Collected data entries:
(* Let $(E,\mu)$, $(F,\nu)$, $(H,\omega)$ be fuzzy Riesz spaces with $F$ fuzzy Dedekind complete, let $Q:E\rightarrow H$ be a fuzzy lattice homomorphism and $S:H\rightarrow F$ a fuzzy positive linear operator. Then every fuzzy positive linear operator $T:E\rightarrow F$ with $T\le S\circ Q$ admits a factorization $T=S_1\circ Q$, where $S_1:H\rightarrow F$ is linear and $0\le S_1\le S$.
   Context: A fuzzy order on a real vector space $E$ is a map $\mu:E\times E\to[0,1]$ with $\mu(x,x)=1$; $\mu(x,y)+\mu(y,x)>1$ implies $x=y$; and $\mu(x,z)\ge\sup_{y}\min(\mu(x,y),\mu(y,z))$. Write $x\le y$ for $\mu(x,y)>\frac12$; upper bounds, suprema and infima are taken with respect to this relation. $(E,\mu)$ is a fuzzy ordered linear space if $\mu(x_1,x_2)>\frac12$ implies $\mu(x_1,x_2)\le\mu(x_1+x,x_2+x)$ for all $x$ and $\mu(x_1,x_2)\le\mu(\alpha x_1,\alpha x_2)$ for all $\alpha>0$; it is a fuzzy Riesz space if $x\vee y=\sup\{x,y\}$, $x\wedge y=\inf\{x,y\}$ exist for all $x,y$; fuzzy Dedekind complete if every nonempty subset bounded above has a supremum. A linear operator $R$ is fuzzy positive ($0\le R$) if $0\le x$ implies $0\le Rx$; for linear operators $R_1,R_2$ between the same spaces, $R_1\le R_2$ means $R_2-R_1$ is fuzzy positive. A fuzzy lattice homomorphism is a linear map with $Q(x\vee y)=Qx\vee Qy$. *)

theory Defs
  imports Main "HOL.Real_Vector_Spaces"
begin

---

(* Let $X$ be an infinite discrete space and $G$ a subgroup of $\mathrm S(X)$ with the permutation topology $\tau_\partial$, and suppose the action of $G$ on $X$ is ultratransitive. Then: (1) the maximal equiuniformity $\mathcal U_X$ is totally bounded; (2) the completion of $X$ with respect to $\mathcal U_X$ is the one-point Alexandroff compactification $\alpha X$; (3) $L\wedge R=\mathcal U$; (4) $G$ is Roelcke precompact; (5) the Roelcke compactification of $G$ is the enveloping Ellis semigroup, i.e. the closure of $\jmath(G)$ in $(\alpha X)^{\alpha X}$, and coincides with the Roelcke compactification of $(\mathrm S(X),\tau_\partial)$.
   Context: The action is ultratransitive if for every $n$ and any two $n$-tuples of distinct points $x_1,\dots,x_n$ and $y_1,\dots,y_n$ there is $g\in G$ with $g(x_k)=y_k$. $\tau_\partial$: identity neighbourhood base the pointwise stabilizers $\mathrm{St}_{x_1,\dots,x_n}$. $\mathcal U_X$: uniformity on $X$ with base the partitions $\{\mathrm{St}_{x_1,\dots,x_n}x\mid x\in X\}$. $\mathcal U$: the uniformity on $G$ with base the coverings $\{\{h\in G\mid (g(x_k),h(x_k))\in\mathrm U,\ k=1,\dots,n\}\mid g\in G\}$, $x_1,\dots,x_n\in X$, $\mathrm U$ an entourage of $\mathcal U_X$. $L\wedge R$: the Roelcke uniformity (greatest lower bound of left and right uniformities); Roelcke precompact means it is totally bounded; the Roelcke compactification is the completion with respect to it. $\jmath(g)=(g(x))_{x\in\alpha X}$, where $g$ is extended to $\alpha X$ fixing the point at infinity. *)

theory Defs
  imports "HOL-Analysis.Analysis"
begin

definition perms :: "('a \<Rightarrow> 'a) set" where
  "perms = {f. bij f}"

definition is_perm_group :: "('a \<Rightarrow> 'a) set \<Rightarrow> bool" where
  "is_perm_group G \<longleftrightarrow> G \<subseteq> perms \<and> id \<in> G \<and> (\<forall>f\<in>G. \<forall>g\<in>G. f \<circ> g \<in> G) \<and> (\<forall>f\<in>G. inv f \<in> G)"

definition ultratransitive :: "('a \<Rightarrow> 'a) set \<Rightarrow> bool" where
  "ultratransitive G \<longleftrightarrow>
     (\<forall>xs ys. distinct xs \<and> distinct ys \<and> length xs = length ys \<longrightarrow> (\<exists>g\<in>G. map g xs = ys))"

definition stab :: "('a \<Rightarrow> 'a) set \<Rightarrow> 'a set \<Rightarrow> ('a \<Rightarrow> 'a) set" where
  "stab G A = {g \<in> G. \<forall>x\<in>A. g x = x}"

* * *

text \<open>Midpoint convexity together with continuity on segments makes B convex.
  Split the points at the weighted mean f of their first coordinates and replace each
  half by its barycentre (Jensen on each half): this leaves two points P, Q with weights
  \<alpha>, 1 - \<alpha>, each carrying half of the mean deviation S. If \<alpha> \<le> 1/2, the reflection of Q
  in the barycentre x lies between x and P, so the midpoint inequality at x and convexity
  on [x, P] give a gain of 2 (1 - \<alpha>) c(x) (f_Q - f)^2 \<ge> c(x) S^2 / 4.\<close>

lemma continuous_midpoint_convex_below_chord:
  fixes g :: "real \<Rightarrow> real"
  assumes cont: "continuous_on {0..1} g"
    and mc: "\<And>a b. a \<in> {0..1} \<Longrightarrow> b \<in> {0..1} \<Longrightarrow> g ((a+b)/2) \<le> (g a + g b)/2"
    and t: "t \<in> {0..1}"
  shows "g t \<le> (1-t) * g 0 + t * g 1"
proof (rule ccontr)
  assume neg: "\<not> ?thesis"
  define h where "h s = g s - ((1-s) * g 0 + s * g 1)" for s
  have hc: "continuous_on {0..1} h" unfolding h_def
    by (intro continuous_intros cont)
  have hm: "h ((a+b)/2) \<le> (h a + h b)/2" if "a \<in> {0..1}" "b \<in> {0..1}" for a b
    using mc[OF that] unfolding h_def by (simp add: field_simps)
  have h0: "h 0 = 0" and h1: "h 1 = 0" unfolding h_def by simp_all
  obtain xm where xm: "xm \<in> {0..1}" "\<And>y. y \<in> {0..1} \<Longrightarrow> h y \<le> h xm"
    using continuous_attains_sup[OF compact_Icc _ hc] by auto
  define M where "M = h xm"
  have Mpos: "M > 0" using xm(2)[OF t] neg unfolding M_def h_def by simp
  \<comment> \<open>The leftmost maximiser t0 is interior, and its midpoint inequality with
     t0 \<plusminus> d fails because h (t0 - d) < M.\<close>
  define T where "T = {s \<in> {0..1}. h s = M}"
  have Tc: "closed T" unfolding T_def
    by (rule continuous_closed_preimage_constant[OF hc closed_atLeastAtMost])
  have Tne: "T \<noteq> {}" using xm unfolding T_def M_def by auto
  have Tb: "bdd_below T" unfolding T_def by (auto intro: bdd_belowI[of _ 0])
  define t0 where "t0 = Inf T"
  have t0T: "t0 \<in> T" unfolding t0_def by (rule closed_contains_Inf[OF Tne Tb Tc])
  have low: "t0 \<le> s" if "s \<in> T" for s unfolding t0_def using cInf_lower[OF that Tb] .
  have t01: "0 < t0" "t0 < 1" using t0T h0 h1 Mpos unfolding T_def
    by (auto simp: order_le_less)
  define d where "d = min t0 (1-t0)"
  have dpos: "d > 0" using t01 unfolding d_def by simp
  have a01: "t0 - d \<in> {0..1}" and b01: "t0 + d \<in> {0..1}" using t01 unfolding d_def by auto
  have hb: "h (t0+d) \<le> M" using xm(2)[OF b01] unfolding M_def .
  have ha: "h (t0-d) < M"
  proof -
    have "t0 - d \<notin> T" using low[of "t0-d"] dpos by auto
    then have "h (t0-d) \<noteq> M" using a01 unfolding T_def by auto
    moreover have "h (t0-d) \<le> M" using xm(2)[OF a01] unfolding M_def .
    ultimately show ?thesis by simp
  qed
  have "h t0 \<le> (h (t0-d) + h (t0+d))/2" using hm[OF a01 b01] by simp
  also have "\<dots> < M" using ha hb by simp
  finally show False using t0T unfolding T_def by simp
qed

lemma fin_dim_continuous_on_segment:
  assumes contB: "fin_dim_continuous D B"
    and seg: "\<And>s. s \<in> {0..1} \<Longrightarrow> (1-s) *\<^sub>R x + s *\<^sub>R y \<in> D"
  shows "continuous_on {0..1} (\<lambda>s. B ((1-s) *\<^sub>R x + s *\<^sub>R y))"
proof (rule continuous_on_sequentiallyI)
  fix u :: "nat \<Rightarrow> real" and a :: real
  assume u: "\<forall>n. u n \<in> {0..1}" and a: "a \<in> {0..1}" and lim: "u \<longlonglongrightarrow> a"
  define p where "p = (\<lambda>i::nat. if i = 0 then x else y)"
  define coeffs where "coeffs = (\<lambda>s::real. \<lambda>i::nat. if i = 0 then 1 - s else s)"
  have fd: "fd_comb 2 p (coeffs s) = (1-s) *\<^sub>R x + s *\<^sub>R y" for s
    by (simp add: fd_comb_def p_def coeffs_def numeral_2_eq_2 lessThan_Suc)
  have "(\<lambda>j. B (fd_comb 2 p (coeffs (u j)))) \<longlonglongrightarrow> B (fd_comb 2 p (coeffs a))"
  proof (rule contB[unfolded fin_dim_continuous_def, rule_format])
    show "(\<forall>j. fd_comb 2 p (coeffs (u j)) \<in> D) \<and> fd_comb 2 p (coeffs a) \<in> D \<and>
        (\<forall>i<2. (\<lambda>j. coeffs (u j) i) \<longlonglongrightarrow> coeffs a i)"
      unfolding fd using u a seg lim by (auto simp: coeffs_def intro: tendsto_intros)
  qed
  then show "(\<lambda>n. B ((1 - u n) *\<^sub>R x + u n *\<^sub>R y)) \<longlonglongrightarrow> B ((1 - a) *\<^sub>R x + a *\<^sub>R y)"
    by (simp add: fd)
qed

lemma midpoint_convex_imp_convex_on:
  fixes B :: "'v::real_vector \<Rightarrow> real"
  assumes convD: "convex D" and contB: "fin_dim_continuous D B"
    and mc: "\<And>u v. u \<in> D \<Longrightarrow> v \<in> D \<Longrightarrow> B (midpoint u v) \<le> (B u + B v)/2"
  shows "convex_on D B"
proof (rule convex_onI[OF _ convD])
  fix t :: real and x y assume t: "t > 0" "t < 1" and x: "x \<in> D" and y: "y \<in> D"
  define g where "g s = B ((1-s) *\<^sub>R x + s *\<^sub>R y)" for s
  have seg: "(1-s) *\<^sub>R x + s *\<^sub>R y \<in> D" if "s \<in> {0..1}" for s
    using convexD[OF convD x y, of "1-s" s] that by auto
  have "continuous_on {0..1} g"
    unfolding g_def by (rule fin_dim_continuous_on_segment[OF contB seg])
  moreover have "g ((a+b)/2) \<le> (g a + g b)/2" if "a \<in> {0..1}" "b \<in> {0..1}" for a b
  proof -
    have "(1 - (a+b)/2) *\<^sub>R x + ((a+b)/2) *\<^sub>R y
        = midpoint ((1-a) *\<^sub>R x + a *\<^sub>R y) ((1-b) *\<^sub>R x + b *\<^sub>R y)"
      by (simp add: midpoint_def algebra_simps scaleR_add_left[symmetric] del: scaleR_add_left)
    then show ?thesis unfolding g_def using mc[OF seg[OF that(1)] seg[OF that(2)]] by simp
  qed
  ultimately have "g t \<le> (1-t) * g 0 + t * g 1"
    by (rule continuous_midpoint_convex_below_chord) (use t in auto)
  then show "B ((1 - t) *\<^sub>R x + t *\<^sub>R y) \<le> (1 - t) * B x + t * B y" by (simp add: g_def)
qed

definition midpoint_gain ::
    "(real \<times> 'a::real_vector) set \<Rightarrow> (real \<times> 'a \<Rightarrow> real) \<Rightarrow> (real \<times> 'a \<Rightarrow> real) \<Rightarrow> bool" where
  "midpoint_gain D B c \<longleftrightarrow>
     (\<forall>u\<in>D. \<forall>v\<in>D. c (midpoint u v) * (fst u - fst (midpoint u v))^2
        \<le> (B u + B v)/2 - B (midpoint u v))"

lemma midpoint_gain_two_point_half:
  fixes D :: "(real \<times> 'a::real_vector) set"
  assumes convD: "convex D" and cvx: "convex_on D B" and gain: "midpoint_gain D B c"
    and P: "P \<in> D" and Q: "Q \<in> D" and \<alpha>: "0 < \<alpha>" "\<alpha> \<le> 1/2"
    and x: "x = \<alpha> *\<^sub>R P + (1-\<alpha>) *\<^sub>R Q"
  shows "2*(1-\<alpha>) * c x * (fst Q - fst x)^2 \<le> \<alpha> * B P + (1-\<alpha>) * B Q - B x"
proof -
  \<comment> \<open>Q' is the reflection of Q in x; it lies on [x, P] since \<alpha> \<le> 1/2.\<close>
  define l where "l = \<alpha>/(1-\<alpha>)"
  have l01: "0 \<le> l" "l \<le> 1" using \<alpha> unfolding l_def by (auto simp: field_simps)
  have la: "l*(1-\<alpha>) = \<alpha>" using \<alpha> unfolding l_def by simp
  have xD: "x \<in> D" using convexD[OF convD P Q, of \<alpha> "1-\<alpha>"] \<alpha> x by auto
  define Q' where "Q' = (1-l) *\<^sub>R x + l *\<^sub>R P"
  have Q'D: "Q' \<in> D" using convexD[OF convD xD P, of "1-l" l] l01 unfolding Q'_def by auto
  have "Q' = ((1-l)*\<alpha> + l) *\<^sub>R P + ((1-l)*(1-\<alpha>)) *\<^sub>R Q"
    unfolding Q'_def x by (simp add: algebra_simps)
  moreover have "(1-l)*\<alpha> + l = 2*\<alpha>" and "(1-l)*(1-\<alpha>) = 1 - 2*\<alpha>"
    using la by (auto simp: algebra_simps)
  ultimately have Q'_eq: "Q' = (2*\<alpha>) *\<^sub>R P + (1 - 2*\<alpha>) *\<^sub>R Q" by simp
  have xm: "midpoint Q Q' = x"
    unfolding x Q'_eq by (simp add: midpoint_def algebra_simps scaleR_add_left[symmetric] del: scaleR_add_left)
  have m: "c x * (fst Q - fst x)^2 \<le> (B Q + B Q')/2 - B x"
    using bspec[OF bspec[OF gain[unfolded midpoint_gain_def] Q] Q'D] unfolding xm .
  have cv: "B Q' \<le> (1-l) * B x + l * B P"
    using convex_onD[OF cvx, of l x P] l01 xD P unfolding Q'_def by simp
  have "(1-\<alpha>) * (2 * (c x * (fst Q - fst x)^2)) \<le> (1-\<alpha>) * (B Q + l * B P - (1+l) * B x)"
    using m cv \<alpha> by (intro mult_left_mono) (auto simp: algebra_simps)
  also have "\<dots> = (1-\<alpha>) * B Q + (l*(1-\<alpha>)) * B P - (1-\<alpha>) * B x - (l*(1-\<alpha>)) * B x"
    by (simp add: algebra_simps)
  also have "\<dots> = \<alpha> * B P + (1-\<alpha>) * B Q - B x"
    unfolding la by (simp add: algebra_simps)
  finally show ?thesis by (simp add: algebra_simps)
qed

_Activity_. Please give the number of lines in the data above that hold "moreover", and write nothing else.

_Answer to this problem_. 3